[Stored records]
******

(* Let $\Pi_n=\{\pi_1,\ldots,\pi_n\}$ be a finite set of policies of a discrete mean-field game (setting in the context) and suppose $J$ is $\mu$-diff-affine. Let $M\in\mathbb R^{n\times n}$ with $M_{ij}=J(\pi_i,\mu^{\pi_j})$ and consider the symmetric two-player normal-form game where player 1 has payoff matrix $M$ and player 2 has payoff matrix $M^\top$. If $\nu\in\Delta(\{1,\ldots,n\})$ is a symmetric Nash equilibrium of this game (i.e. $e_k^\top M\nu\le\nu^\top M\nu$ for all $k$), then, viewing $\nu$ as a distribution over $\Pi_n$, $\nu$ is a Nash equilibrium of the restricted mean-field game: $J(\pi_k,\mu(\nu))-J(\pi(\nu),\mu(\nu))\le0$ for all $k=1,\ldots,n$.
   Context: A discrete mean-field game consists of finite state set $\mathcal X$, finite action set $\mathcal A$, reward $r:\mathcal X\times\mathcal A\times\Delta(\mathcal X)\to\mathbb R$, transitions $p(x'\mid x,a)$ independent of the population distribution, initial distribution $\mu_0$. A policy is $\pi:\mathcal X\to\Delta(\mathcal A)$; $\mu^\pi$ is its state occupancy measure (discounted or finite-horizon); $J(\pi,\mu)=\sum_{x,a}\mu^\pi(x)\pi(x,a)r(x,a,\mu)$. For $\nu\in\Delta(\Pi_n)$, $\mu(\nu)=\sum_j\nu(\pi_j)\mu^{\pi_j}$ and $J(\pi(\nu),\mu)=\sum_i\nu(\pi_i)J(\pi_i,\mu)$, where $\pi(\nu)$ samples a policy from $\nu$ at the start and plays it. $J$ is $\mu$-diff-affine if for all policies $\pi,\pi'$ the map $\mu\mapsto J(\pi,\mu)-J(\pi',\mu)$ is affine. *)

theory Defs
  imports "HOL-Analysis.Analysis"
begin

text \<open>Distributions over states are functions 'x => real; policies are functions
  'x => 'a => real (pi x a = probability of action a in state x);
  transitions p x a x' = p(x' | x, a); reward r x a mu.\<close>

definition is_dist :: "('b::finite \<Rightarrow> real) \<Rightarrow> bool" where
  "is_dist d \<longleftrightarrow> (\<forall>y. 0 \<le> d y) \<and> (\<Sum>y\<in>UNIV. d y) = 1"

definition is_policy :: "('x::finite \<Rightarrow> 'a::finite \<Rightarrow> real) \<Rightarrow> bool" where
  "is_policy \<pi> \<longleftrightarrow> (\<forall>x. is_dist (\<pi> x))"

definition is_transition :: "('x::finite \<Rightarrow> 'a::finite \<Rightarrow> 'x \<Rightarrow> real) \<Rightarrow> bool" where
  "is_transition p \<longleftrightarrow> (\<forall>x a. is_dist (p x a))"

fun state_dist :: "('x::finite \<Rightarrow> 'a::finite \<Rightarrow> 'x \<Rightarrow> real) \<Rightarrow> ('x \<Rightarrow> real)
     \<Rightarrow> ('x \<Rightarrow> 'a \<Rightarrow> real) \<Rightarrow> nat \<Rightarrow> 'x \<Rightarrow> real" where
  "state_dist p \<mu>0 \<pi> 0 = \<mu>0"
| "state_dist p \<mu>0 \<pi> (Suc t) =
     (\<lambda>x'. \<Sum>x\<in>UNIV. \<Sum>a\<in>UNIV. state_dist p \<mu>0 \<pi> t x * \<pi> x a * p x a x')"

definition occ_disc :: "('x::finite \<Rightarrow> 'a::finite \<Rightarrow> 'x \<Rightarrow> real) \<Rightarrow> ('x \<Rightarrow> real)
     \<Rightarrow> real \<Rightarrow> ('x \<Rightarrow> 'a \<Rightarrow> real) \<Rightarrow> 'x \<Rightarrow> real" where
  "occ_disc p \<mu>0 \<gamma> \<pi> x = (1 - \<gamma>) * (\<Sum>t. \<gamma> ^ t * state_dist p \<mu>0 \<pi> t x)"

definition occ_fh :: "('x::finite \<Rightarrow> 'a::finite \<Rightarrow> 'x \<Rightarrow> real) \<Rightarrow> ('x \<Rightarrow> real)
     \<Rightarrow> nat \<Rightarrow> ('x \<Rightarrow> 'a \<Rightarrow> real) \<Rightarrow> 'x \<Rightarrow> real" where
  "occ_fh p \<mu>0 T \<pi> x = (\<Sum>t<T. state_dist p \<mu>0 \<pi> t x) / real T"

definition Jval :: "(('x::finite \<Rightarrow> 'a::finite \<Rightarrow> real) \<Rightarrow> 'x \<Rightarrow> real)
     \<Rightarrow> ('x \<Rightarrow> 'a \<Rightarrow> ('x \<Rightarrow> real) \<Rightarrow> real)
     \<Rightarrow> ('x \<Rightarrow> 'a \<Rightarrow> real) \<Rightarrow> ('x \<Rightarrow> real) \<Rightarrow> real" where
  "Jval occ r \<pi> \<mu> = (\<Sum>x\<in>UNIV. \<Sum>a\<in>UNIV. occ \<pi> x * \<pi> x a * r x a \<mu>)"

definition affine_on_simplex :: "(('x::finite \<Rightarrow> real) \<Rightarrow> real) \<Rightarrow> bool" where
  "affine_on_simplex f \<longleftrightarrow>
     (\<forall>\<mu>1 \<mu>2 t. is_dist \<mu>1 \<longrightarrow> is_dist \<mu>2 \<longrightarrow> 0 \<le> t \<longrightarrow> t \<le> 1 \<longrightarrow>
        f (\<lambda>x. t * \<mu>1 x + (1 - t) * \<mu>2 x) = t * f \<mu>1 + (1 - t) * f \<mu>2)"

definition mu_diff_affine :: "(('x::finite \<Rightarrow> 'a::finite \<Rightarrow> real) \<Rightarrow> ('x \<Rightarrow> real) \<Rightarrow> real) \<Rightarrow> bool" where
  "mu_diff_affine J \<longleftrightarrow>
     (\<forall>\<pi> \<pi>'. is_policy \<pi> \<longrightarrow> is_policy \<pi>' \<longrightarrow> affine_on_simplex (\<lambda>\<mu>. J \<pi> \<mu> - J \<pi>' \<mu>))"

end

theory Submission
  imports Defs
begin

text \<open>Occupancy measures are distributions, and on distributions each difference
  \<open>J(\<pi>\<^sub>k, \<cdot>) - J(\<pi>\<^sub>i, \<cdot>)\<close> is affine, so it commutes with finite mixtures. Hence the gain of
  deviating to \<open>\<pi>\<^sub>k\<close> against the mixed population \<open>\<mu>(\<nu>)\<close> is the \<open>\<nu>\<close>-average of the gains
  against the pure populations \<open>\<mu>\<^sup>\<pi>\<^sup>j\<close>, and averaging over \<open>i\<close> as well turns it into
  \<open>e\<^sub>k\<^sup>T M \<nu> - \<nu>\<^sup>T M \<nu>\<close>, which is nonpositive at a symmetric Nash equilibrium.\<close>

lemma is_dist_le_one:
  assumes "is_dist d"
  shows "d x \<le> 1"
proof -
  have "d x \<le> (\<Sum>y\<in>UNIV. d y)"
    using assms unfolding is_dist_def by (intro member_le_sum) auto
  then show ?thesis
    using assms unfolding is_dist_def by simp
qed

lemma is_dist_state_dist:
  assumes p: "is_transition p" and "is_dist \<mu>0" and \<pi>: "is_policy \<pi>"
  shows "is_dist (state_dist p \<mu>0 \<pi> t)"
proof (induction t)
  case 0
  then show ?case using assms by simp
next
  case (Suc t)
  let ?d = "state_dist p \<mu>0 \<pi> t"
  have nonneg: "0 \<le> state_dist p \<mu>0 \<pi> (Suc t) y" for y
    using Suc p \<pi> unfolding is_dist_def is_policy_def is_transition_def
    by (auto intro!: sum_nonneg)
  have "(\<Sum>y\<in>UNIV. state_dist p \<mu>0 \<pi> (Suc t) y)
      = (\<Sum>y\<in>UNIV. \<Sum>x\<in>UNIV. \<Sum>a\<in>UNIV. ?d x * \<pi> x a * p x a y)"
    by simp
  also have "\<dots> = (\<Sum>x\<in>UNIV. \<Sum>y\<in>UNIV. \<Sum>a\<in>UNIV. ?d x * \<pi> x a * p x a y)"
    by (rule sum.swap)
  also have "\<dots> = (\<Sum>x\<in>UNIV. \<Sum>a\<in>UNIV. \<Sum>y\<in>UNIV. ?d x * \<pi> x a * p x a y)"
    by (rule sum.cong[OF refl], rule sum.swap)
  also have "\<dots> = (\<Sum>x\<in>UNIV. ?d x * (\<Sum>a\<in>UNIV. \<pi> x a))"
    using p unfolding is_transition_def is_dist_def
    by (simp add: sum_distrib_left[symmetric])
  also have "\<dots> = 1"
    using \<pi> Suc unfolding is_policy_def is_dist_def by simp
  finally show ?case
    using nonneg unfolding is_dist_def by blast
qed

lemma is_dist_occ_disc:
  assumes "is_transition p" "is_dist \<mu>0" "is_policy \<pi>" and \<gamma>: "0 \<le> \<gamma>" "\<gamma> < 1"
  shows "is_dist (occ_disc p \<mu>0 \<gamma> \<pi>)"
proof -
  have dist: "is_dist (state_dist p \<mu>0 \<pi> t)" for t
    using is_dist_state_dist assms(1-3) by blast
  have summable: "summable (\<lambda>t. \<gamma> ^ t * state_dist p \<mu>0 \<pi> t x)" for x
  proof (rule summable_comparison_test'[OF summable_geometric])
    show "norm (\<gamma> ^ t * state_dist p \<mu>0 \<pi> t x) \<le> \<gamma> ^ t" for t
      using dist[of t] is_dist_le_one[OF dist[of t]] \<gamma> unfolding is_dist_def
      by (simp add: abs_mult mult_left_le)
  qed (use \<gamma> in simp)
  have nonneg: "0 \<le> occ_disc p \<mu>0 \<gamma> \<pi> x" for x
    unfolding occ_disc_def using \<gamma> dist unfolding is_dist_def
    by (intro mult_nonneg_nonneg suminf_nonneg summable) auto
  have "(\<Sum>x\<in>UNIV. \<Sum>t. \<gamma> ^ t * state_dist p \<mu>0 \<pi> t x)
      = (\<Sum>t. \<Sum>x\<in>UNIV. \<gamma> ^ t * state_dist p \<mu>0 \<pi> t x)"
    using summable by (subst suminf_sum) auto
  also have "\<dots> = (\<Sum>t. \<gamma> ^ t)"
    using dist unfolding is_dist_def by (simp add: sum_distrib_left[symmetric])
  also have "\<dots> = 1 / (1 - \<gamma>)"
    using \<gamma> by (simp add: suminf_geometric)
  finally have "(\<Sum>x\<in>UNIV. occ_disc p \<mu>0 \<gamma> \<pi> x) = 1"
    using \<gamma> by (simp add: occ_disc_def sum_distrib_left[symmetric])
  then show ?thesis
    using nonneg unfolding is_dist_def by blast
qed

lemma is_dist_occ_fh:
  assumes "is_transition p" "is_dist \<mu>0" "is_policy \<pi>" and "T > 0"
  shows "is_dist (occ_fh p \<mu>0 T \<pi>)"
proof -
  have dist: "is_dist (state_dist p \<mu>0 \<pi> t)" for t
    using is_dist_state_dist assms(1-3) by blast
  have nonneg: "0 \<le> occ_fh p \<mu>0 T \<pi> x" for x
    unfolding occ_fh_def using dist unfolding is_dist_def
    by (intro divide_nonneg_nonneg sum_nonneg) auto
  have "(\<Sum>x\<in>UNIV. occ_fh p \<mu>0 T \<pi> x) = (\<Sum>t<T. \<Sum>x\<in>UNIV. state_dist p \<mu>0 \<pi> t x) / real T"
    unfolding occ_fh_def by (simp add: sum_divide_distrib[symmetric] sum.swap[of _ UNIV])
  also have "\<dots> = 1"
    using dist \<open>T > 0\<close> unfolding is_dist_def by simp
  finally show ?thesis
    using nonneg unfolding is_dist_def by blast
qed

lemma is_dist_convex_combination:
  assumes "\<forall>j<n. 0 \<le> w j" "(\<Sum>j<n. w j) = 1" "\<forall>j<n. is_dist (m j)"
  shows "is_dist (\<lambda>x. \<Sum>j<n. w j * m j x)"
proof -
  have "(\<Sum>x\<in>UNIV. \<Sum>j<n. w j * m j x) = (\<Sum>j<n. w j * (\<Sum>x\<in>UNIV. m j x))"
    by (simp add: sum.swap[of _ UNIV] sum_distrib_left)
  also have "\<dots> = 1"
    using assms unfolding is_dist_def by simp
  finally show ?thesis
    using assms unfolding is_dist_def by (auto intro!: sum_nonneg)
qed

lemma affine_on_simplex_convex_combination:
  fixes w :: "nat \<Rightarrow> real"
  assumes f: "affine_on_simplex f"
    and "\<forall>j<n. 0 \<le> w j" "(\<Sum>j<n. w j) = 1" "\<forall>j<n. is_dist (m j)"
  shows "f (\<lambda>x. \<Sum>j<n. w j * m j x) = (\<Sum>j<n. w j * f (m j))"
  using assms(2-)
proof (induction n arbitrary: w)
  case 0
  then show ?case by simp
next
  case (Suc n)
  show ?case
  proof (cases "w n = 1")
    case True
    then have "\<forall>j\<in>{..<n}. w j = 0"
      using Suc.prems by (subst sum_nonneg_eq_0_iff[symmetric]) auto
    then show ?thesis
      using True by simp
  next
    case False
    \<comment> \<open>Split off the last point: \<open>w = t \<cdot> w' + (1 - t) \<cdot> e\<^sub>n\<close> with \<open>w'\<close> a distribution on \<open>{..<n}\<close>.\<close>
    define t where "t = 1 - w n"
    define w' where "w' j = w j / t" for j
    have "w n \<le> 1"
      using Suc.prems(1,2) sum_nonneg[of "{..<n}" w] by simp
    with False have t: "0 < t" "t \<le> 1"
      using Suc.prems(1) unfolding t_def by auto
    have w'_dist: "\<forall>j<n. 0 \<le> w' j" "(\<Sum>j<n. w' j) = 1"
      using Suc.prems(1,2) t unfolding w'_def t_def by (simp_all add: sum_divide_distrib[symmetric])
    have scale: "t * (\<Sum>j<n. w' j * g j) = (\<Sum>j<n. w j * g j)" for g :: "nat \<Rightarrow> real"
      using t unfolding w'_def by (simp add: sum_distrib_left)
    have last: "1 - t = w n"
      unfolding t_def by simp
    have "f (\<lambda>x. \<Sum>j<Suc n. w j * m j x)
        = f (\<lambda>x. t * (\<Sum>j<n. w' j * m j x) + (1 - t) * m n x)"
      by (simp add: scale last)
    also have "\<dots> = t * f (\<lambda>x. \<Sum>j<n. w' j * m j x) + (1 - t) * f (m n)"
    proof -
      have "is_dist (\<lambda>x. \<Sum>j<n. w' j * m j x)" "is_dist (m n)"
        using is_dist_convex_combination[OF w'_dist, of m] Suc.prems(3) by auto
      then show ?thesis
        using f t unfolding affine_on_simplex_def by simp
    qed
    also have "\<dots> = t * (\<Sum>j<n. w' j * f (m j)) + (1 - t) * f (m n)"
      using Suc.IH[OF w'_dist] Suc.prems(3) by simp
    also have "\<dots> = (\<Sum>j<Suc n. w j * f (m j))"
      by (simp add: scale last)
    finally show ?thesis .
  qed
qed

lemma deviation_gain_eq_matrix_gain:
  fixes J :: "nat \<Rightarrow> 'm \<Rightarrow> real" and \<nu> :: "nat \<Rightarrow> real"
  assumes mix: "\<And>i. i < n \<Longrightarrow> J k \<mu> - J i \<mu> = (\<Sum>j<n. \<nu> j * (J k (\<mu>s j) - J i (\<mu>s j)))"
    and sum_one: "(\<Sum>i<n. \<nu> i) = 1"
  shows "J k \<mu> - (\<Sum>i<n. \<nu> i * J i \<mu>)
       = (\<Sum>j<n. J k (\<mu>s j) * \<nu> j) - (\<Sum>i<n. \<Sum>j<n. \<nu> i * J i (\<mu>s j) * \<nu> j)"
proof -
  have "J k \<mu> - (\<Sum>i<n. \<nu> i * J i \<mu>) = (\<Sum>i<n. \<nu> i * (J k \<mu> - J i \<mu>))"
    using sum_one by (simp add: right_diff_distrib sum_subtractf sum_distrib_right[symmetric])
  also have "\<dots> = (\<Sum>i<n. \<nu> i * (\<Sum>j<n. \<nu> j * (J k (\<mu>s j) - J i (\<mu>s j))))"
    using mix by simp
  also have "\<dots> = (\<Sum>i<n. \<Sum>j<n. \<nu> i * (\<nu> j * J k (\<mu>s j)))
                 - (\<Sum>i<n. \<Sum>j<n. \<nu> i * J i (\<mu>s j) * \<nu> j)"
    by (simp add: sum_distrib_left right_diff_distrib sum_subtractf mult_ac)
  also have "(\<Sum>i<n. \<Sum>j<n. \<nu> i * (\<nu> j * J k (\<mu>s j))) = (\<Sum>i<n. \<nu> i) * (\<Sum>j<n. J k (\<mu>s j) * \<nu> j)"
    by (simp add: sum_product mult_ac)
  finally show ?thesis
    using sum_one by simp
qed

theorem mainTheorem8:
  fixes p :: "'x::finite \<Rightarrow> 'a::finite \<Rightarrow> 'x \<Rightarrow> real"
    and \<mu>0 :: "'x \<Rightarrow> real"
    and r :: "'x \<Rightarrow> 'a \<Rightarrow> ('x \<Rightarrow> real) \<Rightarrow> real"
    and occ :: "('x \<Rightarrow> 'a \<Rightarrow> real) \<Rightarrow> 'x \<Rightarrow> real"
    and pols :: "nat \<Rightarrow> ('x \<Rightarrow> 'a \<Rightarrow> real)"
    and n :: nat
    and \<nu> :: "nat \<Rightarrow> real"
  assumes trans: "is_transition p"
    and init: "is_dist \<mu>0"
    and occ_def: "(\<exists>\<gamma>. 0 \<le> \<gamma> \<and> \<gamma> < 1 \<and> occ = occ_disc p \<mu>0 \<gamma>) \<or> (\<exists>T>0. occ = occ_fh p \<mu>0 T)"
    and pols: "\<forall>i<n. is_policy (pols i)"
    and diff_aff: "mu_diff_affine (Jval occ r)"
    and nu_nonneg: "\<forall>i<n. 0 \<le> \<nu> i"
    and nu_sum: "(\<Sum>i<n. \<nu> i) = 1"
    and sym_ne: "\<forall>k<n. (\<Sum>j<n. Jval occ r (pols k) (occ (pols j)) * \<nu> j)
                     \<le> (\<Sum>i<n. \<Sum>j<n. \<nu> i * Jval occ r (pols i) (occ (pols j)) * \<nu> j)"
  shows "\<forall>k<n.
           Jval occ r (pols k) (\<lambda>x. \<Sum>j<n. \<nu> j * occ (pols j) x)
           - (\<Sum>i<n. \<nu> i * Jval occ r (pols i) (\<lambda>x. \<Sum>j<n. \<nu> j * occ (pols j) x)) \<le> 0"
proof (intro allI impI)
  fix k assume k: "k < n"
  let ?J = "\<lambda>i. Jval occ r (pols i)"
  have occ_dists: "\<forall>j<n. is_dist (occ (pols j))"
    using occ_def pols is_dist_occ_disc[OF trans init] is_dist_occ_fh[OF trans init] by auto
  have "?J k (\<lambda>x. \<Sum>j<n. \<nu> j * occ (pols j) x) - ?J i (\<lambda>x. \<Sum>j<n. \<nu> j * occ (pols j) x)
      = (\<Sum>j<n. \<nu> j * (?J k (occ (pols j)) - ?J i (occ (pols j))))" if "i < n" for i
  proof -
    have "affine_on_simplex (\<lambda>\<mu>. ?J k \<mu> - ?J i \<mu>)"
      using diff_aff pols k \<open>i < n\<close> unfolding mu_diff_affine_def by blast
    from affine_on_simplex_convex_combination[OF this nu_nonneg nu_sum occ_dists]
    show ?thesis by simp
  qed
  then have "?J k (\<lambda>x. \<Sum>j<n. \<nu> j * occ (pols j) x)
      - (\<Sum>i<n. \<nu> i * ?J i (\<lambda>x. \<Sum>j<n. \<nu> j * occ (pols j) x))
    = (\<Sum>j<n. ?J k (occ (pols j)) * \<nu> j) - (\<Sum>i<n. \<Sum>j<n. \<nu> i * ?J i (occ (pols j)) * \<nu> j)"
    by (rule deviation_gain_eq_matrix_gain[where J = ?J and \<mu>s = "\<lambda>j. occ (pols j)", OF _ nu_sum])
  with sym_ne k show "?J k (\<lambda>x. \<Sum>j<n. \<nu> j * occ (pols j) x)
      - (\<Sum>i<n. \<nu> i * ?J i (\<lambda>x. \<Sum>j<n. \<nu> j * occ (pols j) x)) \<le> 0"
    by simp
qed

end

******

> Task requirements: Output only an exact transcription of the lines above from the one with "symmetric Nash equilibrium.\<close>" up to and including the one with "p \<mu>0 \<pi> (Suc t) y)".

> Response box:
  \<open>e\<^sub>k\<^sup>T M \<nu> - \<nu>\<^sup>T M \<nu>\<close>, which is nonpositive at a symmetric Nash equilibrium.\<close>

lemma is_dist_le_one:
  assumes "is_dist d"
  shows "d x \<le> 1"
proof -
  have "d x \<le> (\<Sum>y\<in>UNIV. d y)"
    using assms unfolding is_dist_def by (intro member_le_sum) auto
  then show ?thesis
    using assms unfolding is_dist_def by simp
qed

lemma is_dist_state_dist:
  assumes p: "is_transition p" and "is_dist \<mu>0" and \<pi>: "is_policy \<pi>"
  shows "is_dist (state_dist p \<mu>0 \<pi> t)"
proof (induction t)
  case 0
  then show ?case using assms by simp
next
  case (Suc t)
  let ?d = "state_dist p \<mu>0 \<pi> t"
  have nonneg: "0 \<le> state_dist p \<mu>0 \<pi> (Suc t) y" for y
    using Suc p \<pi> unfolding is_dist_def is_policy_def is_transition_def
    by (auto intro!: sum_nonneg)
  have "(\<Sum>y\<in>UNIV. state_dist p \<mu>0 \<pi> (Suc t) y)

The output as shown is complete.